III. Casamiento de Diego

Según me había anunciado mi amigo, a los pocos días recibí esta otra carta suya:

«Conde de la Umbría:

»Hoy le toca hacer el gasto a mi Gregoria, de quien todavía no te he hablado desde que regresé de Aragón.

»Decididamente nos casamos a fines de esta semana, si para entonces está acabado el traje de boda, que es archiprecioso, como escogido por vuecencia.

»Gregoria te escribirá a continuación dándote las gracias e incluyéndote su retrato, que al fin consiguió le hicieran a su gusto… Dime francamente si mi mujercita te parece tan hermosa como a mí.

»Repararás que tiene puesto el aderezo que le has mandado. Por cierto que hemos sentido mucho hayas hecho un gasto tan enorme… Con el vestido había bastante, y de intento te marqué el regalo que queríamos, para que no te metieras en más honduras. ¡Lo mismo que el reloj y la cadena que me envías a mí! ¡Tú te has propuesto anonadarme con tus millones!… Pero sabe que yo no consideraré nunca pagado mi cariño con perlas ni brillantes, sino con otro cariño igual, y trabajo te mando si intentas eclipsarme en este punto.

»Mucho nos ha complacido a Gregoria y a mí la carta que nos escribes haciendo votos por nuestra felicidad, que nunca será completa hasta que tú la presencies en compañía de la hermosa hija de don Jaime.

»Volviendo al vestido, no te ocultaré que Gregoria (cuyo gusto es delicadísimo para estas cosas) lo halló al principio más rico que vistoso; pero hemos estado en la Castellana y en el Teatro Real; le he hecho parar la atención en los trajes de nuestras más elegantes aristócratas, y se ha convencido de que el que tú le has regalado es de última, y ya está contentísima con él.

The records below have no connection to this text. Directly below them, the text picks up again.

lemma sample_mat_bilinear:
  "(\<Sum>a<p. \<Sum>b<p. x a * sample_mat p n r $$ (a, b) * y b)
     = (1 / real n) * (\<Sum>i<n. dot_prod p x (r i) * dot_prod p y (r i))"
proof -
  have "(\<Sum>a<p. \<Sum>b<p. x a * sample_mat p n r $$ (a, b) * y b)
      = (\<Sum>a<p. \<Sum>b<p. \<Sum>i<n. (1 / real n) * ((x a * r i a) * (y b * r i b)))"
    by (intro sum.cong refl) (simp add: sample_mat_def sum_distrib_left sum_distrib_right mult_ac)
  also have "\<dots> = (\<Sum>a<p. \<Sum>i<n. \<Sum>b<p. (1 / real n) * ((x a * r i a) * (y b * r i b)))"
    by (intro sum.cong refl sum.swap)
  also have "\<dots> = (\<Sum>i<n. \<Sum>a<p. \<Sum>b<p. (1 / real n) * ((x a * r i a) * (y b * r i b)))"
    by (rule sum.swap)
  also have "\<dots> = (\<Sum>i<n. (1 / real n) * ((\<Sum>a<p. x a * r i a) * (\<Sum>b<p. y b * r i b)))"
    by (simp only: sum_product) (simp only: sum_distrib_left)
  also have "\<dots> = (1 / real n) * (\<Sum>i<n. dot_prod p x (r i) * dot_prod p y (r i))"
    by (simp add: dot_prod_def sum_distrib_left)
  finally show ?thesis .
qed

lemma sample_mat_eigen_decomposition:
  "\<exists>d e. proots (char_poly (sample_mat p n r)) = mset (map d [0..<p]) \<and> orthonormal_on p {..<p} e \<and>
     (\<forall>k<p. \<forall>l<p. (1 / real n) * (\<Sum>i<n. dot_prod p (e k) (r i) * dot_prod p (e l) (r i))
                   = (if k = l then d k else 0))"
proof -
  define A where "A = sample_mat p n r"
  have A: "A \<in> carrier_mat p p" by (simp add: A_def sample_mat_def)
  have "transpose_mat A = A"
    by (rule eq_matI) (auto simp: A_def sample_mat_def mult.commute)
  then obtain Q where Q: "orth_mat p Q" and diag: "diagonal_mat (transpose_mat Q * A * Q)"
    using real_symmetric_orthogonally_diagonalizable[OF A] by blast
  have Qc: "Q \<in> carrier_mat p p" and QTQ: "transpose_mat Q * Q = 1\<^sub>m p"
    using Q by (auto simp: orth_mat_def)
  define d where "d k = (transpose_mat Q * A * Q) $$ (k, k)" for k
  define e where "e k j = Q $$ (j, k)" for k j
  have "proots (char_poly A) = mset (map d [0..<p])"
    unfolding d_def by (rule proots_char_poly_orthogonal_diagonal[OF A Q diag])
  moreover have "orthonormal_on p {..<p} e"
  proof -
    have "dot_prod p (e k) (e l) = (transpose_mat Q * Q) $$ (k, l)" if "k < p" "l < p" for k l
      using Qc that by (subst index_mult_mat_eq_sum[of _ p p _ p]) (auto simp: dot_prod_def e_def)
    thus ?thesis using QTQ by (simp add: orthonormal_on_def)
  qed
  moreover have "(1 / real n) * (\<Sum>i<n. dot_prod p (e k) (r i) * dot_prod p (e l) (r i))
                   = (if k = l then d k else 0)" if kl: "k < p" "l < p" for k l
  proof -
    have "(1 / real n) * (\<Sum>i<n. dot_prod p (e k) (r i) * dot_prod p (e l) (r i))
        = (transpose_mat Q * A * Q) $$ (k, l)"
      using sample_mat_bilinear[where x = "e k" and y = "e l" and p = p and n = n and r = r]
      unfolding index_transpose_conj_mat[OF Qc A kl] by (simp add: e_def A_def)
    also have "\<dots> = (if k = l then d k else 0)"
      using diag Qc A kl unfolding diagonal_mat_def by (auto simp: d_def)
    finally show ?thesis .
  qed
  ultimately show ?thesis unfolding A_def by blast
qed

»Pasado mañana acabarán de amueblarnos la casa. Es algo pequeña, pero nueva y muy bonita, y desde el balcón del comedor se descubre el jardín de un palacio inmediato. Nosotros hubiéramos preferido que tuviese jardín propio, como la tuya; pero no somos bastante ricos como para tener flores al alcance de la mano, y habremos de contentarnos con verlas desde lejos o con ir a tu casa a merodear en tus lilas y rosales. Por lo demás, es cuarto segundo sin entresuelo, lo cual equivale a un principal de los que lo tienen.

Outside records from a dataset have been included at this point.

lemma topspace_strong_lower_semifinite:
  "topspace (strong_lower_semifinite X) = nonempty_subsets X"
proof -
  have "upclosed X (topspace (strong_lower_semifinite X))"
    using openin_strong_lower_semifinite_iff by blast
  moreover have "openin (strong_lower_semifinite X) (nonempty_subsets X)"
    by (simp add: openin_strong_lower_semifinite_iff upclosed_def)
  ultimately show ?thesis
    using openin_subset unfolding upclosed_def by blast
qed

lemma openin_strong_lower_semifinite_supersets:
  "openin (strong_lower_semifinite X) (supersets X C)"
  by (simp add: openin_strong_lower_semifinite_iff upclosed_supersets)

lemma min_open_nbhd_strong_lower_semifinite:
  assumes "C \<in> nonempty_subsets X"
  shows "min_open_nbhd (strong_lower_semifinite X) C = supersets X C"
proof -
  have "supersets X C \<in> {U. openin (strong_lower_semifinite X) U \<and> C \<in> U}"
    using assms openin_strong_lower_semifinite_supersets self_in_supersets by blast
  then show ?thesis
    unfolding min_open_nbhd_def topspace_strong_lower_semifinite openin_strong_lower_semifinite_iff
    using supersets_subset_upclosed by (auto simp: supersets_def)
qed

lemma alex_le_strong_lower_semifinite:
  assumes "C \<in> nonempty_subsets X" "D \<in> nonempty_subsets X"
  shows "alex_le (strong_lower_semifinite X) D C \<longleftrightarrow> C \<subseteq> D"
  using assms unfolding alex_le_def min_open_nbhd_strong_lower_semifinite[OF assms(1)]
  by (simp add: supersets_def)

lemma alexandroff_strong_lower_semifinite: "alexandroff_space (strong_lower_semifinite X)"
  unfolding alexandroff_space_def openin_strong_lower_semifinite_iff
    topspace_strong_lower_semifinite upclosed_def by blast

lemma t0_strong_lower_semifinite: "t0_space (strong_lower_semifinite X)"
  unfolding t0_space_def topspace_strong_lower_semifinite
proof (intro ballI impI)
  fix C D assume CD: "C \<in> nonempty_subsets X" "D \<in> nonempty_subsets X" "C \<noteq> D"
  have separates: "B \<in> supersets X B" "A \<notin> supersets X B"
    if "B \<in> nonempty_subsets X" "\<not> B \<subseteq> A" for A B
    using that by (simp_all add: supersets_def)
  show "\<exists>U. openin (strong_lower_semifinite X) U \<and> (C \<notin> U) = (D \<in> U)"
  proof (cases "C \<subseteq> D")
    case True
    with CD have "\<not> D \<subseteq> C" by auto
    with CD(2) show ?thesis
      using separates[of D C] openin_strong_lower_semifinite_supersets
      by (intro exI[of _ "supersets X D"]) simp
  next
    case False
    with CD(1) show ?thesis
      using separates[of C D] openin_strong_lower_semifinite_supersets
      by (intro exI[of _ "supersets X C"]) simp
  qed
qed

lemma lowerL_in_subbase: "U \<subseteq> X \<Longrightarrow> generate_topology_on {lowerL X U | U. U \<subseteq> X} (lowerL X U)"
  by (intro generate_topology_on.Basis) blast

lemma openin_lower_semifinite_imp_finitely_determined:
  assumes "openin (lower_semifinite X) W"
  shows "finitely_determined X W"
proof -
  have "generate_topology_on {lowerL X U | U. U \<subseteq> X} W"
    using assms unfolding lower_semifinite_def by (simp add: openin_topology_generated_by_iff)
  then show ?thesis
  proof (induction rule: generate_topology_on.induct)
    case Empty
    then show ?case by (simp add: finitely_determined_def)
  next
    case (Int a b)
    show ?case unfolding finitely_determined_def
    proof (intro conjI ballI)
      show "a \<inter> b \<subseteq> nonempty_subsets X"
        using Int.IH unfolding finitely_determined_def by blast
      fix C assume C: "C \<in> a \<inter> b"
      obtain F where "finite F" "F \<subseteq> C" "supersets X F \<subseteq> a"
        using Int.IH(1) C unfolding finitely_determined_def by blast
      moreover obtain G where "finite G" "G \<subseteq> C" "supersets X G \<subseteq> b"
        using Int.IH(2) C unfolding finitely_determined_def by blast
      ultimately show "\<exists>H. finite H \<and> H \<subseteq> C \<and> supersets X H \<subseteq> a \<inter> b"
        by (intro exI[of _ "F \<union> G"]) (auto simp: supersets_def)
    qed
  next
    case (UN K)
    show ?case unfolding finitely_determined_def
    proof (intro conjI ballI)
      show "\<Union>K \<subseteq> nonempty_subsets X"
        using UN.IH unfolding finitely_determined_def by blast
      fix C assume "C \<in> \<Union>K"
      then obtain k where k: "k \<in> K" "C \<in> k" by blast
      then obtain F where "finite F" "F \<subseteq> C" "supersets X F \<subseteq> k"
        using UN.IH[OF k(1)] unfolding finitely_determined_def by blast
      with k show "\<exists>F. finite F \<and> F \<subseteq> C \<and> supersets X F \<subseteq> \<Union>K" by blast
    qed
  next
    case (Basis s)
    then obtain U where s: "s = lowerL X U" by auto
    show ?case unfolding finitely_determined_def
    proof (intro conjI ballI)
      show "s \<subseteq> nonempty_subsets X" using s by (auto simp: lowerL_def)
      fix C assume "C \<in> s"
      then obtain c where "c \<in> C" "c \<in> U" using s by (auto simp: lowerL_def)
      then show "\<exists>F. finite F \<and> F \<subseteq> C \<and> supersets X F \<subseteq> s"
        using s by (intro exI[of _ "{c}"]) (auto simp: lowerL_def supersets_def)
    qed
  qed
qed

lemma openin_lower_semifinite_supersets:
  assumes "finite C" "C \<subseteq> X"
  shows "openin (lower_semifinite X) (supersets X C)"
proof -
  have "generate_topology_on {lowerL X U | U. U \<subseteq> X} (supersets X C)"
    using assms
  proof (induction C rule: finite_induct)
    case empty
    have "supersets X {} = lowerL X X"
      unfolding supersets_def lowerL_def nonempty_subsets_def by auto
    then show ?case by (simp add: lowerL_in_subbase)
  next
    case (insert c F)
    have "supersets X (insert c F) = supersets X F \<inter> lowerL X {c}"
      unfolding supersets_def lowerL_def by auto
    with insert show ?case by (simp add: generate_topology_on.Int lowerL_in_subbase)
  qed
  then show ?thesis
    unfolding lower_semifinite_def by (simp add: openin_topology_generated_by_iff)
qed

lemma topspace_lower_semifinite: "topspace (lower_semifinite X) = nonempty_subsets X"
proof -
  have "topspace (lower_semifinite X) \<subseteq> nonempty_subsets X"
    using openin_lower_semifinite_imp_finitely_determined[OF openin_topspace]
    unfolding finitely_determined_def by blast
  moreover have "openin (lower_semifinite X) (nonempty_subsets X)"
    using openin_lower_semifinite_supersets[of "{}" X] by (simp add: supersets_def)
  ultimately show ?thesis using openin_subset by blast
qed

lemma continuous_map_strong_lower_to_lower:
  "continuous_map (strong_lower_semifinite X) (lower_semifinite X) id"
  unfolding continuous_map_def topspace_strong_lower_semifinite topspace_lower_semifinite
proof (intro conjI allI impI)
  fix W assume "openin (lower_semifinite X) W"
  then have "upclosed X W"
    by (intro finitely_determined_imp_upclosed openin_lower_semifinite_imp_finitely_determined)
  moreover from this have "{C \<in> nonempty_subsets X. id C \<in> W} = W"
    unfolding upclosed_def by auto
  ultimately show "openin (strong_lower_semifinite X) {C \<in> nonempty_subsets X. id C \<in> W}"
    by (simp add: openin_strong_lower_semifinite_iff)
qed auto

lemma continuous_at_point_lower_to_strong_lower_iff:
  assumes C: "C \<in> nonempty_subsets X"
  shows "continuous_at_point (lower_semifinite X) (strong_lower_semifinite X) id C \<longleftrightarrow> finite C"
proof
  assume cont: "continuous_at_point (lower_semifinite X) (strong_lower_semifinite X) id C"
  have "openin (strong_lower_semifinite X) (supersets X C) \<and> id C \<in> supersets X C"
    using openin_strong_lower_semifinite_supersets self_in_supersets[OF C] by simp
  then obtain W where W: "openin (lower_semifinite X) W" "C \<in> W" "id ` W \<subseteq> supersets X C"
    using cont unfolding continuous_at_point_def by meson
  then obtain F where F: "finite F" "F \<subseteq> C" "supersets X F \<subseteq> W"
    using openin_lower_semifinite_imp_finitely_determined[OF W(1)] W(2)
    unfolding finitely_determined_def by blast
  obtain c where c: "c \<in> C" using C unfolding nonempty_subsets_def by auto
  \<comment> \<open>\<open>F\<close> itself may be empty, so enlarge it by a point of \<open>C\<close> to get an element of \<open>2^X\<close>.\<close>
  have "insert c F \<in> supersets X F"
    using F c C unfolding supersets_def nonempty_subsets_def by auto
  with F W have "C \<subseteq> insert c F" unfolding supersets_def by auto
  with F(1) show "finite C" using finite_subset by blast
next
  assume "finite C"
  then have open_C: "openin (lower_semifinite X) (supersets X C)"
    using C openin_lower_semifinite_supersets unfolding nonempty_subsets_def by blast
  show "continuous_at_point (lower_semifinite X) (strong_lower_semifinite X) id C"
    unfolding continuous_at_point_def
  proof (intro conjI allI impI)
    show "id C \<in> topspace (strong_lower_semifinite X)"
      using C by (simp add: topspace_strong_lower_semifinite)
    fix V assume "openin (strong_lower_semifinite X) V \<and> id C \<in> V"
    then have "supersets X C \<subseteq> V"
      by (simp add: openin_strong_lower_semifinite_iff supersets_subset_upclosed)
    with open_C self_in_supersets[OF C]
    show "\<exists>U. openin (lower_semifinite X) U \<and> C \<in> U \<and> id ` U \<subseteq> V" by auto
  qed
qed

lemma openin_alex_topology:
  "openin (alex_topology S le) A \<longleftrightarrow> A \<subseteq> S \<and> (\<forall>x\<in>A. \<forall>y\<in>S. le y x \<longrightarrow> y \<in> A)"
proof -
  have "istopology (\<lambda>A. A \<subseteq> S \<and> (\<forall>x\<in>A. \<forall>y\<in>S. le y x \<longrightarrow> y \<in> A))"
    unfolding istopology_def by blast
  then show ?thesis unfolding alex_topology_def by (simp add: topology_inverse')
qed

lemma alex_topology_cong:
  assumes "\<And>x y. x \<in> S \<Longrightarrow> y \<in> S \<Longrightarrow> le y x \<longleftrightarrow> le' y x"
  shows "alex_topology S le = alex_topology S le'"
  unfolding topology_eq openin_alex_topology using assms by blast

lemma openin_upper_semifinite_iff: "openin (upper_semifinite X) W \<longleftrightarrow> downclosed X W"
proof
  assume "openin (upper_semifinite X) W"
  then have "generate_topology_on {{F \<in> nonempty_subsets X. F \<subseteq> U} | U. U \<subseteq> X} W"
    unfolding upper_semifinite_def by (simp add: openin_topology_generated_by_iff)
  then show "downclosed X W"
    by (induction rule: generate_topology_on.induct) (unfold downclosed_def, blast+)
next
  assume down: "downclosed X W"
  let ?B = "\<lambda>C. {F \<in> nonempty_subsets X. F \<subseteq> C}"
  have "W = \<Union>(?B ` W)" using down unfolding downclosed_def by auto
  moreover have "generate_topology_on {?B U | U. U \<subseteq> X} (\<Union>(?B ` W))"
  proof (rule generate_topology_on.UN, clarify)
    fix C assume "C \<in> W"
    then have "C \<subseteq> X" using down unfolding downclosed_def nonempty_subsets_def by auto
    then show "generate_topology_on {?B U | U. U \<subseteq> X} (?B C)"
      by (intro generate_topology_on.Basis) auto
  qed
  ultimately show "openin (upper_semifinite X) W"
    unfolding upper_semifinite_def by (simp add: openin_topology_generated_by_iff)
qed

lemma alex_topology_subset_eq_upper_semifinite:
  "alex_topology (nonempty_subsets X) (\<lambda>D C. D \<subseteq> C) = upper_semifinite X"
  unfolding topology_eq openin_alex_topology openin_upper_semifinite_iff downclosed_def by blast

lemma alex_topology_opposite_strong_lower_eq_upper_semifinite:
  "alex_topology (nonempty_subsets X) (\<lambda>D C. alex_le (strong_lower_semifinite X) C D)
     = upper_semifinite X"
  by (subst alex_topology_cong[where le' = "\<lambda>D C. D \<subseteq> C"])
     (simp_all add: alex_le_strong_lower_semifinite alex_topology_subset_eq_upper_semifinite)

»Anteayer estuvimos en tu casa Gregoria, su madre y yo, acompañados de un tapicero, a fin de que viese el comedor y procurase en lo posible arreglar el nuestro en la misma forma, y que las cortinas y la sillería sean de un color semejante al de las tuyas… bien que todo ello de maderas y telas más baratas; pues el culto que rendimos a tu amistad y a tus gustos no debe llegar hasta arruinarnos. ¡Por cierto que en aquel comedor me acordé mucho de Lázaro y de nuestra última escena con él!…

»Y, pues que he nombrado a Lázaro, te confesaré que de buena gana lo buscaría para que fuese testigo de mi boda, caso de hallarse en Madrid… Pero no me atrevo. Mi corazón lo compadece y lo perdona: mi misma conciencia tal vez lo absuelve de algunas cosas que antes me parecían malas en él, y que hoy (a fuer de hombre formal próximo a casarme) no considero dignas de censura… ¡Mas, aun así, le temo, y seguiré esquivándole, por la seguridad que tengo de que es un hipócrita muy envidioso, que podría sembrar la cizaña entre Gregoria y yo!… ¡Nada! ¡nada! ¡No lo busco!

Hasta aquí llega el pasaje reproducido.